Stored data
________________________

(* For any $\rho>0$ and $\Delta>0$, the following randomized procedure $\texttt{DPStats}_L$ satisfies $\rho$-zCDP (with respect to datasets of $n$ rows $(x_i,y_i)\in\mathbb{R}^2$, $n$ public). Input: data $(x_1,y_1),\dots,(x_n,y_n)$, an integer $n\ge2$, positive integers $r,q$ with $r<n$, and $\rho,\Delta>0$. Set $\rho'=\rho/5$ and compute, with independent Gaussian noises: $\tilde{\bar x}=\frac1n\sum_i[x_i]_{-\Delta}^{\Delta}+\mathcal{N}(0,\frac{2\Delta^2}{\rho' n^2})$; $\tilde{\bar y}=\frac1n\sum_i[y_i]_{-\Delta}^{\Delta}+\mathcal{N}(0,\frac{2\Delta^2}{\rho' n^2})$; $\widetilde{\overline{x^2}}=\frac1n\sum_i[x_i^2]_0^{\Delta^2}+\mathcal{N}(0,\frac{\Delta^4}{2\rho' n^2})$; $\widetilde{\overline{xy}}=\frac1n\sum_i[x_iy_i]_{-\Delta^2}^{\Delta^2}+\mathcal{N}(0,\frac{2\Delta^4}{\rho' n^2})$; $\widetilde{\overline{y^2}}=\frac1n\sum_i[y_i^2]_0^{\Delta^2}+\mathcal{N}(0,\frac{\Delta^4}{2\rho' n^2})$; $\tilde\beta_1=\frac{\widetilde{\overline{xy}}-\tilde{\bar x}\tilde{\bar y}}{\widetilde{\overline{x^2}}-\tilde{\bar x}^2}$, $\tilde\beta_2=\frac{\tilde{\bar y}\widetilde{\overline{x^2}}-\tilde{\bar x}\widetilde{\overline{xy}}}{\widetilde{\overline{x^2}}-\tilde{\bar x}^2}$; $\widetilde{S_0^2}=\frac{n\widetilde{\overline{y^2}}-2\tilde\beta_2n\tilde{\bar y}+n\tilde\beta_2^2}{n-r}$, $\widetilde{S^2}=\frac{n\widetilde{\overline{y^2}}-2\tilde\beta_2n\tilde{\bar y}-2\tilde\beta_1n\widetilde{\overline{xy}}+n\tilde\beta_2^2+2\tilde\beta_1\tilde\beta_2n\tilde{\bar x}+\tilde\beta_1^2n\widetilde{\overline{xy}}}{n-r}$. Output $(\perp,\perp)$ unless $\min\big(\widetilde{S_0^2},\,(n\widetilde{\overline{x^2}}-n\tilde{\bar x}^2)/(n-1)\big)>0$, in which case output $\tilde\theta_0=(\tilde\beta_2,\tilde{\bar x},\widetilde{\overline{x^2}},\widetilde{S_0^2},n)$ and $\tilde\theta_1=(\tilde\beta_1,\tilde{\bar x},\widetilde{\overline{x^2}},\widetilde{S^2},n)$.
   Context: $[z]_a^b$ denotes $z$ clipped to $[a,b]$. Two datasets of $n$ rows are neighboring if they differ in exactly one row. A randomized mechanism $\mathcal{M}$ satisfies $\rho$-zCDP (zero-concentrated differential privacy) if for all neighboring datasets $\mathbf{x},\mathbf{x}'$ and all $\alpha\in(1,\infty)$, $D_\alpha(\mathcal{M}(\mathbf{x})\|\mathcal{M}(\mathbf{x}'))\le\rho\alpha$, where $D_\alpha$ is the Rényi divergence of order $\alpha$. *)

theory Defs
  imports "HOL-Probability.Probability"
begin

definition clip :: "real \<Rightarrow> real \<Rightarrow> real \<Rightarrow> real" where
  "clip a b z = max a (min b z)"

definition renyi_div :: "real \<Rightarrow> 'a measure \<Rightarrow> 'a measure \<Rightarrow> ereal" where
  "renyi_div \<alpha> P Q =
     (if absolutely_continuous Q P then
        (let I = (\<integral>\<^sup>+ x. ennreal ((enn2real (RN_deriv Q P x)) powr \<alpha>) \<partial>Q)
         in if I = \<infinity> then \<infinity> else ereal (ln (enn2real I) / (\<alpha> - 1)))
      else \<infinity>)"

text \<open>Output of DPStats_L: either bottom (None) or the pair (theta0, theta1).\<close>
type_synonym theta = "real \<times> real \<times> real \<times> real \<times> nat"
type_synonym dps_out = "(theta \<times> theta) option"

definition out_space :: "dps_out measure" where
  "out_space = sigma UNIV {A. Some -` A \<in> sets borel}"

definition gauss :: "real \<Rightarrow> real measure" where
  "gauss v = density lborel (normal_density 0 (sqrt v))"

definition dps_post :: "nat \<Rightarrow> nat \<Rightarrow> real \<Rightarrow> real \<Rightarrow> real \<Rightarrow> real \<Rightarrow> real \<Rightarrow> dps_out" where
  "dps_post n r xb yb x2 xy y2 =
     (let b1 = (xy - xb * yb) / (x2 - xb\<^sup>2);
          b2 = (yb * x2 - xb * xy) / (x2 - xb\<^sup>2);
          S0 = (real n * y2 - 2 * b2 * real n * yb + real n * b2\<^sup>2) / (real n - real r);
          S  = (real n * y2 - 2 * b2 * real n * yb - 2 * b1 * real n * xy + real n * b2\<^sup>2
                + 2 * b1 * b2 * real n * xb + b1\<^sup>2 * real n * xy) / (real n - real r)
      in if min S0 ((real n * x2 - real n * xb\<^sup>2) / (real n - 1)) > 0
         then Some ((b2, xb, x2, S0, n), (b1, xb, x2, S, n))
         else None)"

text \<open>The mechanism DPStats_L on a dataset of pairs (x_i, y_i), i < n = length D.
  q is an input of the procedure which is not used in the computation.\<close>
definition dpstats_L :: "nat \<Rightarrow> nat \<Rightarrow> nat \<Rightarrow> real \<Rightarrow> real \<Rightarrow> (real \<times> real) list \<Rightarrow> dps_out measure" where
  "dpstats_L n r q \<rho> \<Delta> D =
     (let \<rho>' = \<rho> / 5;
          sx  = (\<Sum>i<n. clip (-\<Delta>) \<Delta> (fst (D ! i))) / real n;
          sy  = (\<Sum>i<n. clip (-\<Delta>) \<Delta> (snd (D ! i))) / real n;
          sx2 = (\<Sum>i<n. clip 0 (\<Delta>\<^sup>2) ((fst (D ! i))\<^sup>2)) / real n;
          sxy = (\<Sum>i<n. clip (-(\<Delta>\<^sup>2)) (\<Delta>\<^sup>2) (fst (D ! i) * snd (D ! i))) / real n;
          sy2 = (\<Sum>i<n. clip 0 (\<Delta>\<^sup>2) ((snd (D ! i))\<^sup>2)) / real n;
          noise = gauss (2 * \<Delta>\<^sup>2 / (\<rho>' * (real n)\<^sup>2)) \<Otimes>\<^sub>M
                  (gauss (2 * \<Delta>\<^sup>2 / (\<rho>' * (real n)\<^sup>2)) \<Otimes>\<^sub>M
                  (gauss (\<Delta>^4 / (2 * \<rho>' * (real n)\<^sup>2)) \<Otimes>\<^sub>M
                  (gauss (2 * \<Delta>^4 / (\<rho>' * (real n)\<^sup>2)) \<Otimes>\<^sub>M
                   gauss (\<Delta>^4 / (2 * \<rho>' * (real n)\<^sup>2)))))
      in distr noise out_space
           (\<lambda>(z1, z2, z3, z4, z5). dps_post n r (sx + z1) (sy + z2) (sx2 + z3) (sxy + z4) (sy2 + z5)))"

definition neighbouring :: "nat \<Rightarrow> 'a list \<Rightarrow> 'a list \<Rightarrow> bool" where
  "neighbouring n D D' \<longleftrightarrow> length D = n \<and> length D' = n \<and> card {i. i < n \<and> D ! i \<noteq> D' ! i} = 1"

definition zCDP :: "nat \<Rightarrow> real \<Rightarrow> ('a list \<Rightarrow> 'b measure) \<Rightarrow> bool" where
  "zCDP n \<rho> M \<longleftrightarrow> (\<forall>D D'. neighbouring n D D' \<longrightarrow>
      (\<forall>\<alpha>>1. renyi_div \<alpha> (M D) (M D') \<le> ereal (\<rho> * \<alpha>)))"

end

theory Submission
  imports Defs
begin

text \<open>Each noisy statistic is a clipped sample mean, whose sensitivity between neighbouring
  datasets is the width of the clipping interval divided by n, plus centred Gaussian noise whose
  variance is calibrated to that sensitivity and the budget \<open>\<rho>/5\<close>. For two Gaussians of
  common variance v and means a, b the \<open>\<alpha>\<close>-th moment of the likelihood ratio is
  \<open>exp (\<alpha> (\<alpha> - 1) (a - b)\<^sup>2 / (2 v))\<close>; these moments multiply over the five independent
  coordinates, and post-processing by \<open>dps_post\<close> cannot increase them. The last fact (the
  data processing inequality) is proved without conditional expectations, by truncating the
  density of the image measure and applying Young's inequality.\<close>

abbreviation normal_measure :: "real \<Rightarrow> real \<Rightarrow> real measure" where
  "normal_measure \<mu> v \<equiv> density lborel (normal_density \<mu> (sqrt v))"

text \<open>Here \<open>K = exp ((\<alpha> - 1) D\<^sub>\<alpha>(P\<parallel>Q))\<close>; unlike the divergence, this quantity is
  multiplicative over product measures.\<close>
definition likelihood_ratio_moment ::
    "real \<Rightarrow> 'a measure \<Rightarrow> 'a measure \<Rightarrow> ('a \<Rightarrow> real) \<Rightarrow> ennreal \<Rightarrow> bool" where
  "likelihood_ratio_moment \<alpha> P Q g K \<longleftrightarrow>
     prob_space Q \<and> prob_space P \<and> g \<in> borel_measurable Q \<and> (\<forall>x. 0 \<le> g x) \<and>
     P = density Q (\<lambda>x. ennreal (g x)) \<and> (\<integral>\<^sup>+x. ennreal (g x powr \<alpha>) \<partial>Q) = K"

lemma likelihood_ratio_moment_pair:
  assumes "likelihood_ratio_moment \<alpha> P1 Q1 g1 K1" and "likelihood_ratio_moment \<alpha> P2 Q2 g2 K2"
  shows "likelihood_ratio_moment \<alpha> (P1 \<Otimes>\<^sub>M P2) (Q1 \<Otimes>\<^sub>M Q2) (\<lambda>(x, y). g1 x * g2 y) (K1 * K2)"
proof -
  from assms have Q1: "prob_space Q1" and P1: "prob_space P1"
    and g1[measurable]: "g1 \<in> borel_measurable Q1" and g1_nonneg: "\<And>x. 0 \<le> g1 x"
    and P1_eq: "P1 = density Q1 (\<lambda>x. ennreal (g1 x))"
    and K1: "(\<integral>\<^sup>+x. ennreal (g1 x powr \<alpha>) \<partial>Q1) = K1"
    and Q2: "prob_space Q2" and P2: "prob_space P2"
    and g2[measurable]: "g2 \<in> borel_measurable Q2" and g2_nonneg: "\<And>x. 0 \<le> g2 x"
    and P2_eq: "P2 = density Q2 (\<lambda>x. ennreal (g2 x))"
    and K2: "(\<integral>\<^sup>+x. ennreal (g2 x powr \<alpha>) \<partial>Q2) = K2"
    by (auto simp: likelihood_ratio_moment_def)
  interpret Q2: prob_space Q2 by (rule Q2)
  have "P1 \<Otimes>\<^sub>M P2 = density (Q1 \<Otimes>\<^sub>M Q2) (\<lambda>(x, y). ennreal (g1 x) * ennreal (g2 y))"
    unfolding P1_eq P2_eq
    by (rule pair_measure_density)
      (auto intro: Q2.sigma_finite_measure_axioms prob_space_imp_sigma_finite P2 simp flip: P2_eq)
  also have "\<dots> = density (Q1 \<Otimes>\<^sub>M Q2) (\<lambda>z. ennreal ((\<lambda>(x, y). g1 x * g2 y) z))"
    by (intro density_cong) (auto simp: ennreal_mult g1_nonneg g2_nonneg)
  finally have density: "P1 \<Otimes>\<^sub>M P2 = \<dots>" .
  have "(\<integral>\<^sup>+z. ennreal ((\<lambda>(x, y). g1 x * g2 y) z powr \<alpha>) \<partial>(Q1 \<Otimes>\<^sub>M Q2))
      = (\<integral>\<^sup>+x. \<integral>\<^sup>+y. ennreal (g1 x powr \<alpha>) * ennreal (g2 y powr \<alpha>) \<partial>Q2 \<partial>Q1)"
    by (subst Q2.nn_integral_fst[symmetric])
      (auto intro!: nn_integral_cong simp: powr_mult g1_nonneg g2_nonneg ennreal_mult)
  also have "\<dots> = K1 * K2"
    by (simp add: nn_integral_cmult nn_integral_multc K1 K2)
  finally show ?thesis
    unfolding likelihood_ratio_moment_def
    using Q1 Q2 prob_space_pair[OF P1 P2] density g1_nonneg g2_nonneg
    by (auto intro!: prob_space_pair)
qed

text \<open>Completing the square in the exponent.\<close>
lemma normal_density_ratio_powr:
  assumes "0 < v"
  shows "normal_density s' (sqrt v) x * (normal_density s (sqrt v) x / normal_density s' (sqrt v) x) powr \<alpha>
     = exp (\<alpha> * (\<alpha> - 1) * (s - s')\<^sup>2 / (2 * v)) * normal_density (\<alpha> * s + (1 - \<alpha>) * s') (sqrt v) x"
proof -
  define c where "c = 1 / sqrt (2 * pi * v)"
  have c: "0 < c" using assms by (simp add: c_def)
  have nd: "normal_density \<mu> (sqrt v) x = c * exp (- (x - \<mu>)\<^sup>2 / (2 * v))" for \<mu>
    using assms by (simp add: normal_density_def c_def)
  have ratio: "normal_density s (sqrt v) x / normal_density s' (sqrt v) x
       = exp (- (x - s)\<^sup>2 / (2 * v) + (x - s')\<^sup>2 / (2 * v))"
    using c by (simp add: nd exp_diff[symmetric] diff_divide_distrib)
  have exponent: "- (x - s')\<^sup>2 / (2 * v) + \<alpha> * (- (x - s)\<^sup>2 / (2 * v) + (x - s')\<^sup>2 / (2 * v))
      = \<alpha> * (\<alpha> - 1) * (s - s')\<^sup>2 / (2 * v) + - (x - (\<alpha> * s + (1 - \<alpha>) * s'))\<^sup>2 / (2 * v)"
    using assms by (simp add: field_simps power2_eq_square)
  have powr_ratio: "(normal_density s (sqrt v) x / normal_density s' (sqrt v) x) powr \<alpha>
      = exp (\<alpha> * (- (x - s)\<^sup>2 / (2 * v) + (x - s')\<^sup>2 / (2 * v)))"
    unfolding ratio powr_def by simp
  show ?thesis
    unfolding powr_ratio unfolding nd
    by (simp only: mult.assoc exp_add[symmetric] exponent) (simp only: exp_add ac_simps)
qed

________________________

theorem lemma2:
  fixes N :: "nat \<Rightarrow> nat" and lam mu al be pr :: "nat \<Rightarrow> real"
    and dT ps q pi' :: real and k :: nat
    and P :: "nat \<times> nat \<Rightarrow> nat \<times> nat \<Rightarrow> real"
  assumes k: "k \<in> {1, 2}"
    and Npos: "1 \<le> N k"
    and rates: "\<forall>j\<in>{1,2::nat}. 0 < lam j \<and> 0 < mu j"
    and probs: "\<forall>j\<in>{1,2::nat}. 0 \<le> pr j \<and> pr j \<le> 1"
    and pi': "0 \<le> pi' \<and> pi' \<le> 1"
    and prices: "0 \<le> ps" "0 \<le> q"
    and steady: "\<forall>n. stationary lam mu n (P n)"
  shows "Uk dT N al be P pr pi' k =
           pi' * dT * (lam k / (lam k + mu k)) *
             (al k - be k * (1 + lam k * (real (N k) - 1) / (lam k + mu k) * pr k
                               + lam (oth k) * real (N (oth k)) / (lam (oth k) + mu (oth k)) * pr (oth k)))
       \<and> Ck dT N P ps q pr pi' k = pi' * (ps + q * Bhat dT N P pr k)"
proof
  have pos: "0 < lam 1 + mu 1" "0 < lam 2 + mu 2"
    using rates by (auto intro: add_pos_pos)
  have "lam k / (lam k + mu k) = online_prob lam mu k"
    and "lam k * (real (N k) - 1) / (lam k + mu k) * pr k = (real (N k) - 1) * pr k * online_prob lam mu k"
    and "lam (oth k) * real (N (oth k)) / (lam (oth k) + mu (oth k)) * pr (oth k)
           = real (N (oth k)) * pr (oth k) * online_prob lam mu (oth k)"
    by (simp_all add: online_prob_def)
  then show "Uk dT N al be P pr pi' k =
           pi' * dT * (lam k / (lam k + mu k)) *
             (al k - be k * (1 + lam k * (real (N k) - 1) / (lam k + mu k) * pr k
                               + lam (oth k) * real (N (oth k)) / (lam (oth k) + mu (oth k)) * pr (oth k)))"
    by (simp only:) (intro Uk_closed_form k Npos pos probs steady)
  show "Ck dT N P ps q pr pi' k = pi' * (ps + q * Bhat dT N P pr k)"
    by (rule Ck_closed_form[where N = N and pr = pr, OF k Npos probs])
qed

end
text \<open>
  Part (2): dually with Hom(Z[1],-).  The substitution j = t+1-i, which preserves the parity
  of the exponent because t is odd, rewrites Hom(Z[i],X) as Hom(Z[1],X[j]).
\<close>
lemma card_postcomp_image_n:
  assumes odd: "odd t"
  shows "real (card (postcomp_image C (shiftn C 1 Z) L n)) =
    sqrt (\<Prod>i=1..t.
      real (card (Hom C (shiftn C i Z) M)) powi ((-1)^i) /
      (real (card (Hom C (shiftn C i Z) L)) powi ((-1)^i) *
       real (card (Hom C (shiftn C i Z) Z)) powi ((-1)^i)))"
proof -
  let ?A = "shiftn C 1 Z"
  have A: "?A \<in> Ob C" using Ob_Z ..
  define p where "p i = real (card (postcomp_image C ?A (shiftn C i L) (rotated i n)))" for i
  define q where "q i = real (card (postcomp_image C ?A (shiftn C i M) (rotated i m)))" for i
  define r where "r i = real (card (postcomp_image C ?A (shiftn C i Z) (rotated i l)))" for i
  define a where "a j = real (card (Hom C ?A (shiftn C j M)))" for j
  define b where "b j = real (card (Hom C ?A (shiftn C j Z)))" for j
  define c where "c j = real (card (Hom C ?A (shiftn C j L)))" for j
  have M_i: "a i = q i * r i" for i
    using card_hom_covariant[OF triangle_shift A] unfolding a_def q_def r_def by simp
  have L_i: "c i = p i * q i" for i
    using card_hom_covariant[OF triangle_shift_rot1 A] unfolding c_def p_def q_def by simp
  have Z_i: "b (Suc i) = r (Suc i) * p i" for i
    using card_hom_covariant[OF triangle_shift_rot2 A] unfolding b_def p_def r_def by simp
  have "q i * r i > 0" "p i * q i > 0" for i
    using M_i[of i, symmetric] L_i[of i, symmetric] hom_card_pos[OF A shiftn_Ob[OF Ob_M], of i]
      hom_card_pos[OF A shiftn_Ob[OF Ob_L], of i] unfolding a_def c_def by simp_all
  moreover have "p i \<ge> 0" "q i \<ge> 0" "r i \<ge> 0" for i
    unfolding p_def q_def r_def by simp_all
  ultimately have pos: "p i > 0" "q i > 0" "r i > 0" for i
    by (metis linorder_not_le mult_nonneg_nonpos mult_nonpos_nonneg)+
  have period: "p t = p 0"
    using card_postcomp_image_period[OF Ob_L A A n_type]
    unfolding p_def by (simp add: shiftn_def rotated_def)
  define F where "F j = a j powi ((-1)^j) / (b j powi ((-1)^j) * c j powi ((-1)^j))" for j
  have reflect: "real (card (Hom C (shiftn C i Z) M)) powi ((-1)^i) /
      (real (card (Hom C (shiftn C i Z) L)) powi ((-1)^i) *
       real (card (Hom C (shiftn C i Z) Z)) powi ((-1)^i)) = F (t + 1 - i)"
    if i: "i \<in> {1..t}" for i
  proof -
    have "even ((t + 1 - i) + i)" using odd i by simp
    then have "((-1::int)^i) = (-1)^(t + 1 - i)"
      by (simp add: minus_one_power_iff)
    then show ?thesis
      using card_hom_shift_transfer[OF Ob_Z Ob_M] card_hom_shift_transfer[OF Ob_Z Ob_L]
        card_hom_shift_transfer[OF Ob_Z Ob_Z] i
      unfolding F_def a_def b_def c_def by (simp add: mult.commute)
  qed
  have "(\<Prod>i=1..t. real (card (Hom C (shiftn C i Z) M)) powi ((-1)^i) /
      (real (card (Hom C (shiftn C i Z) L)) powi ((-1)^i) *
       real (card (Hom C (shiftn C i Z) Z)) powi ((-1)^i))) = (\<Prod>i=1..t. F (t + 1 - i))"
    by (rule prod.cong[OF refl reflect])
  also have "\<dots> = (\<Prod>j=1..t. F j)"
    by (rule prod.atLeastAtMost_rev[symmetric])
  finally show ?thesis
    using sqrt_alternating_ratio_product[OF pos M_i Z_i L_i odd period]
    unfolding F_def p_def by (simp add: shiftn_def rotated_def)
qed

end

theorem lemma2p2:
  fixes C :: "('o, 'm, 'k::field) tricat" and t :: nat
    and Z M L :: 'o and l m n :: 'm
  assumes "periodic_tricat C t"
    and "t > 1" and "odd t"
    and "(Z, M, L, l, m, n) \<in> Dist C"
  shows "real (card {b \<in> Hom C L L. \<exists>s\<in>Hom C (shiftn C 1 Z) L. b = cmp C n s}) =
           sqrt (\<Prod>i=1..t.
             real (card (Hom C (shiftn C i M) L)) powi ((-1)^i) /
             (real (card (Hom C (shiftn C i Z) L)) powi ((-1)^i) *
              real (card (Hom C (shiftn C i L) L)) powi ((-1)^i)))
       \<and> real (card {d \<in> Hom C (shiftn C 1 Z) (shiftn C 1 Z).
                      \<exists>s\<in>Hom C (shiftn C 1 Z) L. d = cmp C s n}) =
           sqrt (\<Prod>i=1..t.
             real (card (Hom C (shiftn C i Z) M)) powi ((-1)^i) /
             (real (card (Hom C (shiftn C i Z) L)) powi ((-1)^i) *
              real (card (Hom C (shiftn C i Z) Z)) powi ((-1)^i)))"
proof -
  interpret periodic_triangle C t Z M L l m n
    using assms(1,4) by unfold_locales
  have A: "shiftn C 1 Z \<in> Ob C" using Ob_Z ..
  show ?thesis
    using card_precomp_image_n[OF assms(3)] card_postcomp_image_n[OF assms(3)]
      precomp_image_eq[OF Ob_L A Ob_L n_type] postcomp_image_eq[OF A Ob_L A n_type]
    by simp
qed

________________________

What to work on:
Count how many lines in the records hold the string "length"; reply with the number alone.

Output of the task:
2